Lucas and Henry rushed around, trying to grab their equipment and leave, but Lucas tripped on one of the men's feet, planting himself headfirst into the ground.
"Fuuckkk," Lucas muttered, getting himself on his knees.
"You have one minute," said the commander to the two, sighing as he turned around and left the tent.
"You two dogs will be patrolling the area between Duldera and the mansion until I see the sun. Only then will you two sleep," said the commander to the two.
"Yes, Commander!" Both men saluted.
"And if I catch any of you taking a break, even for a single damn minute, I will whip you two myself, am I understood?"
"Yes, Commander!" said Henry and Lucas in unison.
"Now get out of my sight before I just whip you for the sake of it," spat the commander, as the two turned around and went on their patrol.

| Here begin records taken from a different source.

(* Let $\varphi:\mathcal A\to\mathcal A$ be a continuous multiplicative map (i.e. $\varphi(AB)=\varphi(A)\varphi(B)$ for all $A,B\in\mathcal A$, not assumed linear) such that $\varphi(S)=S$ and $\varphi(\alpha I)=\alpha I$ for every $\alpha\in\mathbb C$. Then $\varphi$ is the identity map on $\mathcal A$.
   Context: $S$ denotes the $n\times n$ nilpotent Jordan block with ones on the superdiagonal and zeros elsewhere. $\mathcal A=\{f(S): f\text{ a complex polynomial}\}$ is the algebra of $n\times n$ upper-triangular Toeplitz matrices, equipped with the operator norm (induced by the Euclidean norm on $\mathbb C^n$). *)

theory Defs
  imports "Jordan_Normal_Form.Jordan_Normal_Form"
begin

definition S_mat :: "nat \<Rightarrow> complex mat" where
  "S_mat n = jordan_block n 0"

definition mat_poly_eval :: "complex poly \<Rightarrow> complex mat \<Rightarrow> complex mat" where
  "mat_poly_eval f A = mat (dim_row A) (dim_col A)
     (\<lambda>(i,j). \<Sum>k\<le>degree f. coeff f k * (A ^\<^sub>m k) $$ (i,j))"

definition toeplitz_alg :: "nat \<Rightarrow> complex mat set" where
  "toeplitz_alg n = {mat_poly_eval f (S_mat n) | f. True}"

definition vec_enorm :: "complex vec \<Rightarrow> real" where
  "vec_enorm x = sqrt (\<Sum>i<dim_vec x. (cmod (x $ i))\<^sup>2)"

definition op_norm :: "complex mat \<Rightarrow> real" where
  "op_norm A = (SUP x\<in>{x. x \<in> carrier_vec (dim_col A) \<and> vec_enorm x = 1}. vec_enorm (A *\<^sub>v x))"

definition continuous_on_alg :: "nat \<Rightarrow> (complex mat \<Rightarrow> complex mat) \<Rightarrow> bool" where
  "continuous_on_alg n \<phi> \<longleftrightarrow> (\<forall>A\<in>toeplitz_alg n. \<forall>e>0. \<exists>d>0. \<forall>B\<in>toeplitz_alg n.
      op_norm (B - A) < d \<longrightarrow> op_norm (\<phi> B - \<phi> A) < e)"

end

theory Submission
  imports Defs "HOL-Computational_Algebra.Polynomial_FPS" "HOL-Analysis.L2_Norm"
begin

text \<open>
  Identify f(S) with the power series f modulo X^n. Then \<phi> induces a map \<psi> on power series
  that is multiplicative modulo X^n and fixes the constants and X; multiplying by X^(n-m) shows
  that \<psi> also respects congruence modulo X^m for every m \<le> n. Suppose \<psi> f \<equiv> f modulo X^j
  for all f, where 0 < j < n. Then D f = (\<psi> f)_j - f_j is a point derivation,
  D (f g) = f_0 D g + g_0 D f, which vanishes on the constants and on X, hence on every f with
  f_0 = 0. On series with f_0 = 1 it is a homomorphism into (\<complex>, +), and a downward induction
  on i shows that on series \<equiv> 1 modulo X^i it is determined by the additive function
  c \<mapsto> D (1 + c X^i). Continuity kills that function: D (1/k + c X^i) = D (1 + c X^i) for all
  k > 0, while the left-hand side tends to D (c X^i) = 0.
\<close>

lemma fps_cutoff_mult:
  "fps_cutoff n (f * g) = fps_cutoff n (fps_cutoff n f * fps_cutoff n g)"
  by (simp add: fps_cutoff_eq_fps_cutoff_iff fps_cutoff_left_mult_nth fps_cutoff_right_mult_nth)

"Fucking old man," muttered Lucas, "I've heard that an arrow from Duldera missed him by a few inches. Damn Noble Bloods… they have everything and are still useless."

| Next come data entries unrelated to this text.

(* Let $\mathbb{X}$ be a finite set, $\mathcal{H}_A$ a finite-dimensional Hilbert space, and $\{\rho_A^x\}_{x\in\mathbb{X}}$ density operators on $\mathcal{H}_A$. Then the barycentric quantum Rényi leakage satisfies $\mathcal{B}(X\rightarrow A)_{\rho_A}=\log(\mu^\star)$, where $\mu^\star$ is the optimal value of the optimization problem \[ \min_{\pi\in\Delta(\mathbb{X}),\,\mu\in\mathbb{R}}\ \mu\quad\text{subject to}\quad \rho_A^x\leq\mu\sum_{x'\in\mathbb{X}}\pi(x')\rho_A^{x'}\ \ \text{for all }x\in\mathbb{X} \] (operator inequalities).
   Context: All logarithms are base 2. $\Delta(\mathbb{X})$ is the set of probability mass functions on $\mathbb{X}$. For a density operator $\rho$ and positive semi-definite $\sigma$, $\widetilde{D}_\infty(\rho\|\sigma)=\log\big(\inf\{\mu\in\mathbb{R}:\rho\leq\mu\sigma\}\big)$ ($+\infty$ if the support of $\rho$ is not contained in that of $\sigma$). The barycentric quantum Rényi leakage is $\mathcal{B}(X\rightarrow A)_{\rho_A}=\min_{\pi\in\Delta(\mathbb{X})}\max_{x\in\mathbb{X}}\widetilde{D}_\infty\big(\rho_A^x\,\|\,\sum_{x'}\pi(x')\rho_A^{x'}\big)$. *)

theory Defs
  imports Complex_Main "HOL-Library.Extended_Real" "Jordan_Normal_Form.Matrix" "Jordan_Normal_Form.Conjugate"
begin

text \<open>Operators on the d-dimensional Hilbert space C^d are d x d complex matrices.\<close>

definition mtrace :: "complex mat \<Rightarrow> complex" where
  "mtrace A = (\<Sum>i<dim_row A. A $$ (i, i))"

definition psd :: "nat \<Rightarrow> complex mat \<Rightarrow> bool" where
  "psd d A \<longleftrightarrow> A \<in> carrier_mat d d \<and>
     (\<forall>v \<in> carrier_vec d. (A *\<^sub>v v) \<bullet>c v \<in> \<real> \<and> 0 \<le> Re ((A *\<^sub>v v) \<bullet>c v))"

definition op_le :: "nat \<Rightarrow> complex mat \<Rightarrow> complex mat \<Rightarrow> bool" where
  "op_le d A B \<longleftrightarrow> A \<in> carrier_mat d d \<and> B \<in> carrier_mat d d \<and> psd d (B - A)"

definition density_op :: "nat \<Rightarrow> complex mat \<Rightarrow> bool" where
  "density_op d \<rho> \<longleftrightarrow> psd d \<rho> \<and> mtrace \<rho> = 1"

text \<open>Support (= range, for psd operators) of an operator.\<close>
definition supp_op :: "nat \<Rightarrow> complex mat \<Rightarrow> complex vec set" where
  "supp_op d A = {A *\<^sub>v v | v. v \<in> carrier_vec d}"

definition Dmax :: "nat \<Rightarrow> complex mat \<Rightarrow> complex mat \<Rightarrow> ereal" where
  "Dmax d \<rho> \<sigma> = (if supp_op d \<rho> \<subseteq> supp_op d \<sigma>
      then ereal (log 2 (Inf {\<mu>::real. op_le d \<rho> (complex_of_real \<mu> \<cdot>\<^sub>m \<sigma>)}))
      else \<infinity>)"

definition pmfs :: "('x::finite \<Rightarrow> real) set" where
  "pmfs = {\<pi>. (\<forall>x. 0 \<le> \<pi> x) \<and> (\<Sum>x\<in>UNIV. \<pi> x) = 1}"

definition mixture :: "nat \<Rightarrow> ('x::finite \<Rightarrow> real) \<Rightarrow> ('x \<Rightarrow> complex mat) \<Rightarrow> complex mat" where
  "mixture d \<pi> \<rho> = mat d d (\<lambda>(i, j). \<Sum>x'\<in>UNIV. complex_of_real (\<pi> x') * \<rho> x' $$ (i, j))"

definition barycentric_leakage :: "nat \<Rightarrow> ('x::finite \<Rightarrow> complex mat) \<Rightarrow> ereal" where
  "barycentric_leakage d \<rho> =
     (INF \<pi>\<in>pmfs. Max (range (\<lambda>x. Dmax d (\<rho> x) (mixture d \<pi> \<rho>))))"

end

theory Submission
  imports Defs
begin

text \<open>
  For a fixed state \<open>\<sigma>\<close>, the set of \<open>\<mu>\<close> with \<open>\<rho> \<le> \<mu> \<sigma>\<close> is a closed ray \<open>[\<mu>\<^sub>0, \<infinity>)\<close>
  with \<open>\<mu>\<^sub>0 \<ge> 1\<close>, non-empty exactly when \<open>supp \<rho> \<subseteq> supp \<sigma>\<close>. Hence the maximum over \<open>x\<close> of
  \<open>D\<^sub>\<infinity>(\<rho>\<^sub>x \<parallel> \<sigma>)\<close> is the logarithm of the least \<open>\<mu>\<close> with \<open>\<rho>\<^sub>x \<le> \<mu> \<sigma>\<close> for all \<open>x\<close> (and \<open>\<infinity>\<close> if
  there is none), and minimising over the mixtures \<open>\<sigma> = \<Sum>\<pi>(x) \<rho>\<^sub>x\<close> commutes with the
  monotone map \<open>log\<close>. The analytic core is that \<open>supp \<rho> \<subseteq> supp \<sigma>\<close> forces \<open>\<rho> \<le> \<mu> \<sigma>\<close> for some
  \<open>\<mu>\<close>: \<open>\<sigma>\<close> is bounded below on its range, by Cauchy-Schwarz for the form of \<open>\<sigma>\<close> and a
  generalised inverse, which in turn comes from the decomposition of the space into range and
  kernel of a Hermitian matrix, obtained by orthogonal projection onto its columns.
\<close>

lemma cscalar_prod_eq_sum:
  "u \<in> carrier_vec n \<Longrightarrow> w \<in> carrier_vec n \<Longrightarrow> u \<bullet>c w = (\<Sum>i<n. u $ i * cnj (w $ i))"
  by (auto simp: scalar_prod_def lessThan_atLeast0 intro!: sum.cong)

lemma mult_mat_vec_eq_sum:
  "A \<in> carrier_mat n m \<Longrightarrow> v \<in> carrier_vec m \<Longrightarrow> i < n \<Longrightarrow>
    (A *\<^sub>v v) $ i = (\<Sum>j<m. A $$ (i, j) * v $ j)"
  by (auto simp: scalar_prod_def lessThan_atLeast0 intro!: sum.cong)

lemma diff_eq_0_vec_iff:
  "u \<in> carrier_vec n \<Longrightarrow> w \<in> carrier_vec n \<Longrightarrow> u - w = 0\<^sub>v n \<longleftrightarrow> u = (w :: 'a :: ab_group_add vec)"
  by (auto simp: vec_eq_iff)

lemma smult_diff_mult_mat_vec:
  assumes "(A :: 'a :: comm_ring mat) \<in> carrier_mat n m" "B \<in> carrier_mat n m" "v \<in> carrier_vec m"
  shows "(c \<cdot>\<^sub>m A - B) *\<^sub>v v = c \<cdot>\<^sub>v (A *\<^sub>v v) - B *\<^sub>v v"
proof -
  have "(c \<cdot>\<^sub>m A) *\<^sub>v v = c \<cdot>\<^sub>v (A *\<^sub>v v)"
    using assms by (intro eq_vecI) (auto simp: row_smult)
  then show ?thesis
    using assms by (simp add: minus_mult_distrib_mat_vec[of _ n m])
qed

"Leave it, Lucas. We got too into it and forgot our duty," sighed Henry, keeping his Iron Line helmet in his arms.
"Tsk, fine. Let's do our job, then," said Lucas sarcastically as they walked through the ruins of Duldera and its surroundings.
Seeing the ruins of the mighty city, they began reminiscing on the multiple battles they fought during the weeks in these plains.
"Man, this city was a bitch to take down. How many rhinos died during the first battle?" asked Lucas.
"All of them. They killed all the fucking rhinos before they even breached a gate. Monsters, the whole lot of them," said Henry, shrugging off the coldness that crept into his bones while remembering that first battle.
"All? Then where did they bring more from?" wondered Lucas, as he kicked a tile from a house, towards the dead body of a small child.
"That Yalan, the king of Ulveth Kingdom, brought more from his side," said Henry.
"Ah, yeah, I saw him on the battlefield once. He fought like a madman," remembered Lucas.
"Mhm," nodded Henry, "saw him as well. Many folks say that we won because of him and his, uh, ideas."
"True, those ugly things scared the shit out of me. I still have nightmares of them. How could he control those, what they were called, Moroi?" asked Lucas.
"Yep, Moroi. The way they ripped men apart made me not able to eat for days. Even now, ugh-" gagged Henry, as he remembered what a Moroi did with a soldier after killing him.
"No need to tell me, I've seen enough of them for two lives," yelled Lucas, stopping Henry from going into deeper details before all the alcohol he so much enjoyed would be painting the already crimson-paved road.
The men, as they walked between the ruins, did not even bat an eye at the dead people or things that were on the ground.
No jewels or coins spilled on the ground would make them even turn their head towards it. They did not care about any of that. The promise they received was a far greater reward in their mind than the cost of all the riches or all the dead people had in their eyes.
One could not help but wonder if the masks that hid their faces also made them hide their feelings.
For no sane human being would be able to walk past the corpses of children, women, and men alike, people who had nothing to do with whatever caused this war in the first place, to be treated like rags, letting their bodies rot on the ground as if they were discarded meat.